Qualitative investigation depends on engagement with the lived world, and the place of the researcher in the research process itself is something that needs to be addressed. Based on the notion of ‘researcher engagement’ in research, the present study derives elements from ethnography. Ethnography fits well into the description of qualitative research outlined above. It seeks to describe and understand the behaviour of a particular social group, and to do this, researchers try to see things from the perspective of members of the group. This requires extended exposure to the field (Richards, 2003). Adopting such a perspective enables the researcher to move from outsider to insider status, although “the aim is not to become a complete insider because this would mean taking for granted the sorts of beliefs, attitudes and routines that the researcher needs to remain detached from in order to observe and describe” (Richards, 2003: 14-15). In this study, an ethnographic perspective offers insights into the learning to teach experiences, especially as a means of understanding the professional world of teachers and how they perceive their own experiences in the context of their own workplaces.

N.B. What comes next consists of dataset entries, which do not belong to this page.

(* $E_3\leq_{\mathrm{Learn}}\mathbf{PL}$: every $E_3$-learnable family of structures is $\mathbf{PL}$-learnable.
   Context: All structures are countable, have domain $\mathbb{N}$, are in a finite relational signature, and are identified with their atomic diagrams (elements of $2^{\mathbb{N}}$). A family of structures $\mathfrak{K}$ is a countable set of pairwise nonisomorphic such structures; $\mathcal{S}\restriction_s$ is the finite substructure on $\{0,\dots,s\}$; $\mathrm{LD}(\mathfrak{K})\subseteq2^{\mathbb{N}}$ is the set of structures with domain $\mathbb{N}$ isomorphic to a member of $\mathfrak{K}$ (subspace topology). For an equivalence relation $E$ on a space $X$, $\mathfrak{K}$ is $E$-learnable if there is a continuous $\Gamma:\mathrm{LD}(\mathfrak{K})\to X$ with $\mathcal{S}\cong\mathcal{S}'\iff\Gamma(\mathcal{S})E\Gamma(\mathcal{S}')$ on $\mathrm{LD}(\mathfrak{K})$. Fix a computable bijection $\langle\cdot,\cdot\rangle:\mathbb{N}^2\to\mathbb{N}$; for $p\in\mathbb{N}^{\mathbb{N}\times\mathbb{N}}$ let $p^{[m]}(n)=p(\langle m,n\rangle)$; $p\,E_0\,q$ (for $p,q\in\mathbb{N}^{\mathbb{N}}$) iff $\exists m\forall n\ge m\ p(n)=q(n)$; $p\,E_3\,q$ iff $\forall m\ p^{[m]}E_0q^{[m]}$. A learner is an arbitrary function from $\{\mathcal{S}\restriction_s:\mathcal{S}\in\mathrm{LD}(\mathfrak{K})\}$ to $\{\ulcorner\mathcal{A}\urcorner:\mathcal{A}\in\mathfrak{K}\}\cup\{?\}$. $\mathfrak{K}$ is $\mathbf{PL}$-learnable if some learner $\mathbf{M}$ satisfies: for every $\mathcal{S}\in\mathrm{LD}(\mathfrak{K})$ and $\mathcal{A}\in\mathfrak{K}$, $\{n:\mathbf{M}(\mathcal{S}\restriction_n)=\ulcorner\mathcal{A}\urcorner\}$ is infinite iff $\mathcal{A}\cong\mathcal{S}$. *)

theory Defs
  imports "HOL-Analysis.Analysis" "HOL-Library.Nat_Bijection"
begin

text \<open>A finite relational signature is a list of arities: relation symbol i (for i < length sig)
has arity sig ! i. Atoms that are not well-formed for the signature are required to be False,
so that the set of diagrams is (homeomorphic to) Cantor space 2^N.\<close>

type_synonym diag = "nat \<times> nat list \<Rightarrow> bool"

definition wf_atom :: "nat list \<Rightarrow> nat \<times> nat list \<Rightarrow> bool" where
  "wf_atom sig a \<longleftrightarrow> fst a < length sig \<and> length (snd a) = sig ! fst a"

definition is_structure :: "nat list \<Rightarrow> diag \<Rightarrow> bool" where
  "is_structure sig S \<longleftrightarrow> (\<forall>a. \<not> wf_atom sig a \<longrightarrow> \<not> S a)"

definition iso :: "nat list \<Rightarrow> diag \<Rightarrow> diag \<Rightarrow> bool" where
  "iso sig S T \<longleftrightarrow> (\<exists>f::nat \<Rightarrow> nat. bij f \<and>
     (\<forall>i xs. wf_atom sig (i, xs) \<longrightarrow> (S (i, xs) \<longleftrightarrow> T (i, map f xs))))"

definition family :: "nat list \<Rightarrow> diag set \<Rightarrow> bool" where
  "family sig K \<longleftrightarrow> countable K \<and> (\<forall>A\<in>K. is_structure sig A) \<and>
     (\<forall>A\<in>K. \<forall>B\<in>K. iso sig A B \<longrightarrow> A = B)"

definition LD :: "nat list \<Rightarrow> diag set \<Rightarrow> diag set" where
  "LD sig K = {S. is_structure sig S \<and> (\<exists>A\<in>K. iso sig S A)}"

definition cantor_top :: "diag topology" where
  "cantor_top = product_topology (\<lambda>_. discrete_topology UNIV) UNIV"

definition baire_top :: "(nat \<Rightarrow> nat) topology" where
  "baire_top = product_topology (\<lambda>_. discrete_topology UNIV) UNIV"

definition E0 :: "(nat \<Rightarrow> nat) \<Rightarrow> (nat \<Rightarrow> nat) \<Rightarrow> bool" where
  "E0 p q \<longleftrightarrow> (\<exists>m. \<forall>n\<ge>m. p n = q n)"

definition column :: "(nat \<Rightarrow> nat) \<Rightarrow> nat \<Rightarrow> nat \<Rightarrow> nat" where
  "column p m n = p (prod_encode (m, n))"

definition E3 :: "(nat \<Rightarrow> nat) \<Rightarrow> (nat \<Rightarrow> nat) \<Rightarrow> bool" where
  "E3 p q \<longleftrightarrow> (\<forall>m. E0 (column p m) (column q m))"

definition E3_learnable :: "nat list \<Rightarrow> diag set \<Rightarrow> bool" where
  "E3_learnable sig K \<longleftrightarrow> (\<exists>\<Gamma> :: diag \<Rightarrow> (nat \<Rightarrow> nat).
     continuous_map (subtopology cantor_top (LD sig K)) baire_top \<Gamma> \<and>
     (\<forall>S\<in>LD sig K. \<forall>T\<in>LD sig K. iso sig S T \<longleftrightarrow> E3 (\<Gamma> S) (\<Gamma> T)))"

definition restr :: "diag \<Rightarrow> nat \<Rightarrow> nat \<times> diag" where
  "restr S s = (s, \<lambda>a. set (snd a) \<subseteq> {..s} \<and> S a)"

text \<open>A learner outputs Some A (the code of A \<in> K) or None (the symbol ?).\<close>
definition PL_learnable :: "nat list \<Rightarrow> diag set \<Rightarrow> bool" where
  "PL_learnable sig K \<longleftrightarrow> (\<exists>M :: nat \<times> diag \<Rightarrow> diag option.
     (\<forall>S\<in>LD sig K. \<forall>s. M (restr S s) \<in> Some ` K \<union> {None}) \<and>
     (\<forall>S\<in>LD sig K. \<forall>A\<in>K.
        infinite {n. M (restr S n) = Some A} \<longleftrightarrow> iso sig A S))"

end

theory Submission
  imports Defs
begin

text \<open>Let \<Gamma> reduce isomorphism on LD(K) to E3 and let A_i enumerate K. For i \<noteq> j the
  codes \<Gamma> A_i and \<Gamma> A_j differ infinitely often in some column. By continuity, a
  finite piece of S forces more and more values of \<Gamma> S, so we can count the positions of that
  column at which \<Gamma> S is already known to differ from \<Gamma> A_i. If S \<cong> A_i, this count stays
  bounded, whereas the count against A_j on the column separating j from i grows without bound:
  eventually i beats every j. The learner gives each index a budget, its rank (the least index it
  does not currently beat), and always outputs the least index that has not used up its budget.
  The rank of the true index tends to infinity, so it is output infinitely often; the rank of any
  other index is eventually bounded by the true one, so that index is output only finitely often.\<close>

lemma fst_restr [simp]: "fst (restr S s) = s"
  unfolding restr_def by simp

A key concept related to ethnography is emic stance, that is sometimes used to refer to an insider’s perspective on events, as opposed to etic that describes an outsider’s view. The literature of naturalistic inquiry talks of the importance of adopting an emic insider stance if a researcher wants to understand individuals and behaviour, rather than an etic outsider one. Morris et al. (1999) explain that

emic researchers often express preference to use observation as a major data

collection tool and immerse themselves in the setting while developing relationships with the informants. Questionnaires, therefore, are criticised because

89

they have an etic rather than emic perspective on human behaviour, in that they do not provide individuals with opportunities to show their own ideas or beliefs, as the researchers' ideas are provided instead (Munby, 1984). The emic perspective is not simply a matter of choosing the data collection method, nor is it a choice to be made only at the data collection phase in the fieldwork, but rather, it is actually an issue to be taken into account in the data analysis, especially with reference to making sense of the transcribed texts and categorising themes based on the meanings brought by the informants. Drawing on Pike's (1967) work, Tashakkori & Teddlie (2003: 522) comment that "Etic refers to a trained observer's analysis of ‘raw’ data, whereas emic refers to how those data are interpreted by an ‘insider’ to the system or organization.